Winning for Women
- Formation: 2017
- Founder: Elise Stefanik
- Type: 501(c)(4) organization
- Location: Washington, D.C., United States;
- Key people: Annie Dickerson (founder and chair)
- Website: winningforwomen.com

= Winning for Women =

American political organization

Winning for Women is an American political group that works to elect women to federal office in the United States. The organization is a 501(c)(4) organization that can engage in political advocacy. Representative Elise Stefanik started the group in 2017. The organization grew out of a series of joint fundraising committees that supported female candidates such as Stefanik and Arizona Representative Martha McSally.

== History ==
Winning for Women was founded in November 2017 as a political group in order to help elect more women to federal office. The group quietly began soliciting members and funneling support to candidates about six weeks before its public launch in October 2017. The organization arose from joint fundraising committees supported by donors including Linda McMahon, Betsy DeVos, Robert and Rebekah Mercer, Joe Ricketts and his son Todd, and Paul Singer. The group hoped to swell its ranks to 400,000 by November 2018.

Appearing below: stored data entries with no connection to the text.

(* Let $d_1,d_2,d_3\ge2$. The average of the one-tangle entangling power over the unitary group $U(d_1d_2d_3)$ with respect to the Haar measure is $$\langle\varepsilon_\tau\rangle_{U}=\frac{3d_1d_2d_3+3-d_1-d_2-d_3-d_1d_2-d_1d_3-d_2d_3}{\tfrac32(d_1d_2d_3+1)}.$$
   Context: Consider $\mathcal{H}=\mathbb{C}^{d_1}\otimes\mathbb{C}^{d_2}\otimes\mathbb{C}^{d_3}$. For a bipartition of the parties into disjoint nonempty sets $A\cup B=\{1,2,3\}$ and a pure state $|\psi\rangle$, $\tau_{A|B}(|\psi\rangle)=2\big(1-\mathrm{Tr}\,(\mathrm{Tr}_B|\psi\rangle\langle\psi|)^2\big)$. The one-tangle is $\tau_1=\tfrac13(\tau_{12|3}+\tau_{13|2}+\tau_{23|1})$. The entangling power of a unitary $U$ on $\mathcal{H}$ is $\varepsilon_\tau(U)=\big\langle\tau_1(U|\psi_1\rangle|\psi_2\rangle|\psi_3\rangle)\big\rangle$, averaged over product states with each $|\psi_i\rangle$ drawn independently from the uniform measure on the unit sphere of $\mathbb{C}^{d_i}$. *)

theory Defs
  imports "HOL-Probability.Probability"
begin

text \<open>The local dimensions are given by a function dim :: nat => nat on the party
  labels 0,1,2 (party 1,2,3 of the paper).  A vector of C^d is an extensional
  function nat => complex supported on {..<d}.  A vector of the total space
  C^(d1 d2 d3) is indexed by the flattened (Kronecker / row-major) index.\<close>

definition dims3 :: "nat \<Rightarrow> nat \<Rightarrow> nat \<Rightarrow> nat \<Rightarrow> nat" where
  "dims3 d1 d2 d3 = (\<lambda>k. if k = 0 then d1 else if k = 1 then d2 else d3)"

definition flat_idx :: "(nat \<Rightarrow> nat) \<Rightarrow> (nat \<Rightarrow> nat) \<Rightarrow> nat" where
  "flat_idx D j = j 0 * D 1 * D 2 + j 1 * D 2 + j 2"

definition vec_space :: "nat \<Rightarrow> (nat \<Rightarrow> complex) measure" where
  "vec_space d = PiM {..<d} (\<lambda>_. borel)"

definition mat_space :: "nat \<Rightarrow> (nat \<times> nat \<Rightarrow> complex) measure" where
  "mat_space n = PiM ({..<n} \<times> {..<n}) (\<lambda>_. borel)"

definition vnorm :: "nat \<Rightarrow> (nat \<Rightarrow> complex) \<Rightarrow> real" where
  "vnorm d x = sqrt (\<Sum>i<d. (cmod (x i))\<^sup>2)"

Winning for Women made its first endorsements in February 2018 and named former Senator Kelly Ayotte to its board. That first round included 12 women running for the Senate or the House, including Arizona Representative Martha McSally, Tennessee Representative Marsha Blackburn, and Nebraska Senator Deb Fischer. The group's PAC gives each endorsed candidate $5,000 and connects them with its national member network.

== Political activities ==
The group has raised large amounts of money for its chosen candidates. In the second quarter of 2023, the Winning for Women Action Fund and its related groups raised $2.3 million, which included $800,000 in hard dollars for its first ten endorsed candidates that cycle. The endorsed candidates included Representatives Young Kim of California, Michelle Steel of California, María Elvira Salazar of Florida, Mariannette Miller-Meeks of Iowa, Ashley Hinson of Iowa, Lori Chavez-DeRemer of Oregon, Nancy Mace of South Carolina, Monica De La Cruz of Texas, Jen Kiggans of Virginia, and judge Wendy Davis, who was running for Indiana's third congressional district. They raised more than $17 million during the 2022 election cycle to support women political candidates. Since the 2020 election cycle, the organization has raised approximately $40 million for candidates and organized events that led to an additional $7.5 million for campaigns.

In 2025, the PAC endorsed Senators Ashley Moody of Florida, Joni Ernst of Iowa, and Susan Collins of Maine, as well as Representatives Young Kim, Mariannette Miller-Meeks, and Jen Kiggans.

== Leadership ==
Annie Dickerson is the founder and chair of the group. Rebecca Schuller served as the executive director of the group in 2019.